Azure-functions-durable-extension: a termination call to an orchestrator doesn't terminate any sub-orchestrations it started

Created on 14 Feb 2018  路  11Comments  路  Source: Azure/azure-functions-durable-extension

terminating an orchestrator should also terminate the sub-orchestrators it has started but this is not the case.

dtfx enhancement needs-discussion

Most helpful comment

I'm starting to use DF in a more or less complex scenario, and this was driving me crazy!
Will have to redesign my architecture, since i was depending on other orchestrators. I will see if I can just have them as activities.

I think this is a very reasonable feature request, specially since the role of an orchestrator is to orchestrate!

All 11 comments

We might want to make this an optional behavior. Thoughts?

That makes sense. I could see where in some scenarios you might want to leave a sub-orchestrator running. Perhaps handle it as an optional parameter on the terminate method?

@simonporter what is the expected behavior in the Durable Task Framework? Should a terminate message terminate a parent orchestration and all it's children, or just the parent?

@cgillum did you ever hear back from @simonporter on how this works in the Durable Task Framework?

The current behavior in the default provider is that a terminate call on the parent will only terminate the parent, it does not propagate to the children.
It does look like a reasonable extension would be to add an option to also terminate sub-orchestrations. This might be an behavior not all providers can implement immediately.

I'm starting to use DF in a more or less complex scenario, and this was driving me crazy!
Will have to redesign my architecture, since i was depending on other orchestrators. I will see if I can just have them as activities.

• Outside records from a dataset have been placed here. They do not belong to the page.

text \<open>Each traversal of x uses two edges at x, except that the start leaves x once and the end
  enters it once; distinctness makes the edges at different steps different.\<close>

lemma card_walk_edges_at:
  assumes w: "walk V E inc vs es" and d: "distinct es"
  shows "card (walk_edges_at vs es x) + of_bool (vs ! length es = x)
       = 2 * traversals vs es x + of_bool (vs ! 0 = x)"
proof -
  let ?k = "length es"
  let ?leave = "{j. j < ?k \<and> vs ! j = x}" and ?enter = "{j. j < ?k \<and> vs ! Suc j = x}"
  have "card (walk_edges_at vs es x) = card {j. j < ?k \<and> (vs ! j = x \<or> vs ! Suc j = x)}"
    unfolding walk_edges_at_def by (rule card_image) (rule inj_on_nth[OF d], auto)
  also have "\<dots> = card (?leave \<union> ?enter)"
    by (rule arg_cong[where f = card]) auto
  also have "\<dots> = card ?leave + card ?enter"
    by (rule card_Un_disjoint) (use walk_nthD(1)[OF w] in fastforce)+
  finally show ?thesis
    using card_less_shift[of ?k "\<lambda>i. vs ! i = x"] traversals_conv_card_steps[of vs es x] by linarith
qed

lemma card_walk_edges_at_closed:
  assumes "walk V E inc vs es" "distinct es" "vs ! 0 = vs ! length es"
  shows "card (walk_edges_at vs es x) = 2 * traversals vs es x"
  using card_walk_edges_at[OF assms(1,2), of x] assms(3) by simp

lemma euler_family_trailD:
  assumes "euler_family V E inc F" "T \<in> F"
  shows "walk V E inc (fst T) (snd T)" "distinct (snd T)" "2 \<le> length (snd T)"
    "fst T ! 0 = fst T ! length (snd T)"
  using assms unfolding euler_family_def closed_strict_trail_def closed_walk_def by auto

lemma euler_family_trail_exists:
  assumes "euler_family V E inc F" "e \<in> E"
  obtains T where "T \<in> F" "e \<in> set (snd T)"
proof -
  have "\<forall>e\<in>E. \<exists>!T. T \<in> F \<and> e \<in> set (snd T)" using assms(1) by (simp add: euler_family_def)
  from bspec[OF this assms(2)] have "\<exists>T. T \<in> F \<and> e \<in> set (snd T)" by (rule ex1_implies_ex)
  then show ?thesis using that by blast
qed

lemma euler_family_trail_unique:
  assumes "euler_family V E inc F" "e \<in> E" "T \<in> F" "T' \<in> F" "e \<in> set (snd T)" "e \<in> set (snd T')"
  shows "T = T'"
  using assms unfolding euler_family_def by blast

lemma euler_family_finite:
  assumes ef: "euler_family V E inc F" and fin: "finite E"
  shows "finite F"
proof -
  let ?first_edge = "\<lambda>T. snd T ! 0"
  have first_edge: "?first_edge T \<in> set (snd T)" "?first_edge T \<in> E" if "T \<in> F" for T
    using euler_family_trailD(1,3)[OF ef that] unfolding walk_def by (auto intro!: nth_mem subsetD[of "set (snd T)" E])
  have "inj_on ?first_edge F"
    by (rule inj_onI) (metis first_edge euler_family_trail_unique[OF ef])
  moreover have "finite (?first_edge ` F)"
    using first_edge fin by (blast intro: finite_subset)
  ultimately show ?thesis by (rule finite_imageD[rotated])
qed

lemma family_traversals_eq_traversals:
  assumes ef: "euler_family V E inc F" and fin: "finite F" and T: "T \<in> F" and x: "x \<in> set (fst T)"
  shows "family_traversals F x = traversals (fst T) (snd T) x"
proof -
  have "traversals (fst T') (snd T') x = 0" if "T' \<in> F - {T}" for T'
  proof (rule traversals_eq_0)
    show "walk V E inc (fst T') (snd T')" using that by (blast intro: euler_family_trailD(1)[OF ef])
    show "x \<notin> set (fst T')" using that ef T x unfolding euler_family_def by blast
  qed
  then show ?thesis
    unfolding family_traversals_def using fin T by (simp add: sum.remove)
qed

lemma euler_family_insert:
  assumes F: "euler_family V (E - set es) inc F" and trail: "closed_strict_trail V E inc vs es"
    and disjoint: "\<forall>T\<in>F. set vs \<inter> set (fst T) = {}"
  shows "euler_family V E inc (insert (vs, es) F)"
proof -
  have F_edges: "set (snd T) \<subseteq> E - set es" if "T \<in> F" for T
    using euler_family_trailD(1)[OF F that] by (simp add: walk_def)
  have F_disjoint: "\<forall>T\<in>F. \<forall>T'\<in>F. T \<noteq> T' \<longrightarrow> set (fst T) \<inter> set (fst T') = {}"
    using F by (simp add: euler_family_def)
  show ?thesis
    unfolding euler_family_def
  proof (intro conjI ballI impI)
    fix T assume "T \<in> insert (vs, es) F"
    then show "closed_strict_trail V E inc (fst T) (snd T)"
      using trail F closed_strict_trail_mono[of V "E - set es" inc "fst T" "snd T" E]
      unfolding euler_family_def by auto
  next
    fix e assume e: "e \<in> E"
    show "\<exists>!T. T \<in> insert (vs, es) F \<and> e \<in> set (snd T)"
    proof (cases "e \<in> set es")
      case True
      then show ?thesis using F_edges by (intro ex1I[of _ "(vs, es)"]) auto
    next
      case False
      then show ?thesis using F e unfolding euler_family_def by auto
    qed
  next
    fix T T' assume "T \<in> insert (vs, es) F" "T' \<in> insert (vs, es) F" "T \<noteq> T'"
    then consider "T = (vs, es)" "T' \<in> F" | "T' = (vs, es)" "T \<in> F" | "T \<in> F" "T' \<in> F"
      by auto
    then show "set (fst T) \<inter> set (fst T') = {}"
      using disjoint F_disjoint \<open>T \<noteq> T'\<close> by cases (simp_all add: Int_commute)
  qed
qed

section \<open>Euler families of the dual with the prescribed traversals\<close>

lemma dual_walk_nthD:
  assumes "walk E V (dual_inc E inc) vs es" "j < length es"
  shows "es ! j \<in> inc (vs ! j)" "es ! j \<in> inc (vs ! Suc j)" "vs ! j \<noteq> vs ! Suc j" "es ! j \<in> V"
    "vs ! j \<in> E" "vs ! Suc j \<in> E"
  using walk_nthD[OF assms] by (auto simp: dual_inc_def)

lemma dual_walk_single_iff:
  "walk E V (dual_inc E inc) [a, b] [v] \<longleftrightarrow> a \<in> E \<and> b \<in> E \<and> v \<in> V \<and> a \<noteq> b \<and> v \<in> inc a \<and> v \<in> inc b"
  by (auto simp: walk_def dual_inc_def)

lemma dual_walk_edges_at_subset: "walk E V (dual_inc E inc) vs es \<Longrightarrow> walk_edges_at vs es e \<subseteq> inc e"
  unfolding walk_edges_at_def using dual_walk_nthD(1,2) by blast

text \<open>The trail uses 2 (|e| div 2) = |e| dual edges at e, and there are only |e| of them.\<close>

lemma dual_euler_family_edges_at:
  assumes hg: "hypergraph V E inc" and even: "\<forall>e\<in>E. even (card (inc e))" and E': "E' \<subseteq> E"
    and ef: "euler_family E V (dual_inc E inc) F" and anchors: "family_anchors F = E'"
    and trav: "\<forall>e\<in>E'. family_traversals F e = card (inc e) div 2"
    and T: "T \<in> F" and e: "e \<in> set (fst T)"
  shows "walk_edges_at (fst T) (snd T) e = inc e"
proof -
  have eE': "e \<in> E'" using anchors T e unfolding family_anchors_def by auto
  have fin_e: "finite (inc e)" using hg eE' E' unfolding hypergraph_def by (meson finite_subset subsetD)
  have finF: "finite F" using hg euler_family_finite[OF ef] unfolding hypergraph_def by simp
  note w = euler_family_trailD(1)[OF ef T]
  have "card (walk_edges_at (fst T) (snd T) e) = 2 * traversals (fst T) (snd T) e"
    using card_walk_edges_at_closed[OF euler_family_trailD(1,2,4)[OF ef T]] .
  also have "\<dots> = card (inc e)"
    using family_traversals_eq_traversals[OF ef finF T e] trav even eE' E'
    by (metis even_two_times_div_two subsetD)
  finally show ?thesis
    using card_subset_eq[OF fin_e dual_walk_edges_at_subset[OF w]] by simp
qed

lemma euler_family_imp_two_factor:
  assumes hg: "hypergraph V E inc" and even: "\<forall>e\<in>E. even (card (inc e))" and E': "E' \<subseteq> E"
    and ef: "euler_family E V (dual_inc E inc) F" and anchors: "family_anchors F = E'"
    and trav: "\<forall>e\<in>E'. family_traversals F e = card (inc e) div 2"
  shows "two_factor V E inc E'"
  unfolding two_factor_def degree_def
proof (intro conjI ballI)
  fix v assume v: "v \<in> V"
  then obtain T where T: "T \<in> F" "v \<in> set (snd T)" by (rule euler_family_trail_exists[OF ef])
  then obtain j where j: "j < length (snd T)" "snd T ! j = v" by (auto simp: in_set_conv_nth)
  note w = euler_family_trailD(1)[OF ef T(1)]
  let ?a = "fst T ! j" and ?b = "fst T ! Suc j"
  have "{?a, ?b} \<subseteq> {e\<in>E'. v \<in> inc e}"
    using anchors T(1) j walk_length[OF w] dual_walk_nthD(1,2)[OF w j(1)]
    unfolding family_anchors_def by (auto intro!: nth_mem)
  moreover have "{e\<in>E'. v \<in> inc e} \<subseteq> {?a, ?b}"
  proof
    fix e assume "e \<in> {e\<in>E'. v \<in> inc e}"
    then obtain T' where T': "T' \<in> F" "e \<in> set (fst T')" "v \<in> inc e"
      using anchors unfolding family_anchors_def by auto
    then have "v \<in> walk_edges_at (fst T') (snd T') e"
      using dual_euler_family_edges_at[OF hg even E' ef anchors trav] by blast
    then obtain j' where j': "j' < length (snd T')" "snd T' ! j' = v"
      "fst T' ! j' = e \<or> fst T' ! Suc j' = e"
      unfolding walk_edges_at_def by auto
    have "T' = T"
      using euler_family_trail_unique[OF ef v T'(1) T(1)] j' T(2) by (auto intro: nth_mem)
    then have "j' = j"
      using j j' euler_family_trailD(2)[OF ef T(1)] nth_eq_iff_index_eq by metis
    then show "e \<in> {?a, ?b}" using j' \<open>T' = T\<close> by auto
  qed
  ultimately have "{e\<in>E'. v \<in> inc e} = {?a, ?b}" by blast
  then show "card {e\<in>E'. v \<in> inc e} = 2"
    using dual_walk_nthD(3)[OF w j(1)] by simp
qed (rule E')
lemma sum_weight_extensions:
  assumes l: "l \<in> P" and le: "d l \<le> n"
  shows "(\<Sum>t\<in>extensions l n. weight t) = weight l"
proof -
  let ?m = "\<lambda>i. n i - d l i"
  have \<beta>_pos: "\<beta> i > 0" for i using eigenvalue_pos[OF vertices_rs(1)[OF l]] .
  have "(\<Sum>t\<in>extensions l n. weight t) = (\<Sum>m\<in>paths_from P r d (s l) ?m. weight (cmp l m))"
    unfolding extensions_eq_image[OF l le] sum.reindex[OF inj_on_cmp_left[OF l]] by simp
  also have "\<dots> = (\<Sum>m\<in>paths_from P r d (s l) ?m. (\<Prod>i\<in>UNIV. inverse (\<beta> i) ^ n i) * \<xi> (s m))"
  proof (rule sum.cong[OF refl])
    fix m assume "m \<in> paths_from P r d (s l) ?m"
    then have m: "m \<in> P" "s l = r m" "d m = ?m" unfolding paths_from_def by auto
    have "d (cmp l m) = n" using d_cmp[OF l m(1,2)] m(3) le by (auto simp: le_fun_def)
    then show "weight (cmp l m) = (\<Prod>i\<in>UNIV. inverse (\<beta> i) ^ n i) * \<xi> (s m)"
      unfolding weight_def using cmp_closed(3)[OF l m(1,2)] by simp
  qed
  also have "\<dots> = (\<Prod>i\<in>UNIV. inverse (\<beta> i) ^ n i) * ((\<Prod>i\<in>UNIV. \<beta> i ^ ?m i) * \<xi> (s l))"
    using sum_paths_from_eigen[OF vertices_rs(2)[OF l]] by (simp add: sum_distrib_left[symmetric])
  also have "\<dots> = weight l"
  proof -
    have "inverse (\<beta> i) ^ n i * \<beta> i ^ ?m i = inverse (\<beta> i) ^ d l i" for i
    proof -
      have "d l i \<le> n i" using le by (simp add: le_fun_def)
      then have "inverse (\<beta> i) ^ n i = inverse (\<beta> i) ^ d l i * inverse (\<beta> i) ^ ?m i"
        by (simp flip: power_add)
      then have "inverse (\<beta> i) ^ n i * \<beta> i ^ ?m i
          = inverse (\<beta> i) ^ d l i * (inverse (\<beta> i) * \<beta> i) ^ ?m i"
        by (simp add: power_mult_distrib mult.assoc)
      then show ?thesis using \<beta>_pos[of i] by simp
    qed
    then have "(\<Prod>i\<in>UNIV. inverse (\<beta> i) ^ n i) * (\<Prod>i\<in>UNIV. \<beta> i ^ ?m i)
        = (\<Prod>i\<in>UNIV. inverse (\<beta> i) ^ d l i)"
      unfolding prod.distrib[symmetric] by simp
    then show ?thesis unfolding weight_def by (simp add: mult.assoc)
  qed
  finally show ?thesis .
qed
lemma herm_scale_right: "herm n l w (vsc c u) = cnj c * herm n l w u"
  by (simp add: vsc_apply herm_def algebra_simps sum_distrib_left)

lemma herm_zero_left [simp]: "herm n l 0 w = 0"
  by (simp add: herm_def)

lemma herm_zero_right [simp]: "herm n l w 0 = 0"
  by (simp add: herm_def)

lemma herm_commute: "herm n l v u = cnj (herm n l u v)"
  unfolding herm_def by (simp add: algebra_simps) (rule sum.cong, auto)

lemma herm_eq_0_commute: "herm n l v u = 0 \<longleftrightarrow> herm n l u v = 0"
  by (metis complex_cnj_zero_iff herm_commute)

lemma herm_self: "herm n l u u = of_real (\<Sum>i<n. (if i < l then -1 else 1) * (cmod (u i))\<^sup>2)"
proof -
  have "(if i < l then -1 else 1) * u i * cnj (u i)
      = of_real ((if i < l then -1 else 1) * (cmod (u i))\<^sup>2)" for i
    by (simp add: complex_norm_square[symmetric] mult.assoc)
  then show ?thesis by (simp add: herm_def)
qed

lemma herm_self_real: "herm n l u u = of_real (Re (herm n l u u))"
  by (simp add: herm_self)

lemma herm_self_neg:
  assumes "a \<in> coord_space {..<l}" "a \<noteq> 0" "l \<le> n"
  shows "Re (herm n l a a) < 0"
proof -
  obtain i where i: "a i \<noteq> 0" "i < l"
    using assms(1,2) by (auto simp: fun_eq_iff coord_space_def)
  have "0 < (\<Sum>j<n. - ((if j < l then -1 else 1) * (cmod (a j))\<^sup>2))"
    by (rule sum_pos2[of _ i]) (use i assms in \<open>auto simp: coord_space_def\<close>)
  then show ?thesis by (simp add: herm_self sum_negf)
qed

lemma herm_self_pos:
  assumes "a \<in> coord_space {l..<n}" "a \<noteq> 0"
  shows "Re (herm n l a a) > 0"
proof -
  obtain i where i: "a i \<noteq> 0" "l \<le> i" "i < n"
    using assms by (auto simp: fun_eq_iff coord_space_def)
  have "0 < (\<Sum>j<n. (if j < l then -1 else 1) * (cmod (a j))\<^sup>2)"
    by (rule sum_pos2[of _ i]) (use i assms in \<open>auto simp: coord_space_def\<close>)
  then show ?thesis by (simp add: herm_self)
qed

lemma herm_coord_space_orthogonal:
  assumes "a \<in> coord_space {..<l}" "b \<in> coord_space {l..<n}"
  shows "herm n l a b = 0"
  unfolding herm_def by (rule sum.neutral) (use assms in \<open>auto simp: coord_space_def\<close>)

lemma herm_span_right:
  assumes "\<And>v. v \<in> S \<Longrightarrow> herm n l x v = 0" "y \<in> vs.span S"
  shows "herm n l x y = 0"
proof -
  have "vs.subspace {v. herm n l x v = 0}"
    by (simp add: vs.subspace_def herm_add_right herm_scale_right)
  then show ?thesis
    using vs.span_minimal[of S "{v. herm n l x v = 0}"] assms by blast
qed

lemma isotropic_span:
  assumes "\<And>u v. u \<in> S \<Longrightarrow> v \<in> S \<Longrightarrow> herm n l u v = 0"
  shows "isotropic n l (vs.span S)"
  unfolding isotropic_def
proof (intro ballI)
  fix x y assume "x \<in> vs.span S" "y \<in> vs.span S"
  then show "herm n l x y = 0"
    using assms herm_span_right herm_eq_0_commute by metis
qed

lemma isotropic_span_insert:
  assumes "herm n l x x = 0" "\<forall>f\<in>vs.span B. herm n l x f = 0" "isotropic n l (vs.span B)"
  shows "isotropic n l (vs.span (insert x B))"
proof (rule isotropic_span)
  fix u v assume "u \<in> insert x B" "v \<in> insert x B"
  then show "herm n l u v = 0"
    using assms vs.span_base herm_eq_0_commute unfolding isotropic_def by blast
qed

I think this is a very reasonable feature request, specially since the role of an orchestrator is to orchestrate!

If we could have this https://github.com/Azure/azure-functions-durable-extension/issues/243
And if SubOrchestrations get passed it's parents instance id automatically, we could at least manually check for parent status and terminate accordingly.

@andreujuanc can you open a separate issue to track making the parent instance ID available to the sub-orchestrator? That might be a simple thing for us to add soon'ish.

Hi @cgillum, @simonporter just to confirm where did it land, the Orchestration Termination kills the sub-orchestrators as well? I can't find any documentation about that.

Hello, I hope this issue gets resolved as soon as possible.
for me, I made a workaround that worked locally but unfortunately didn't work on the Azure portal.
In the same function app, I Created another HTTP triggered function, and using the durable orchestration client I used the get status async method "IList instances = await client.GetStatusAsync();", then iterated over each instance where orchestration runtime status is either "running" or "continued as new" and called "client.TerminateAsync(instanceId);".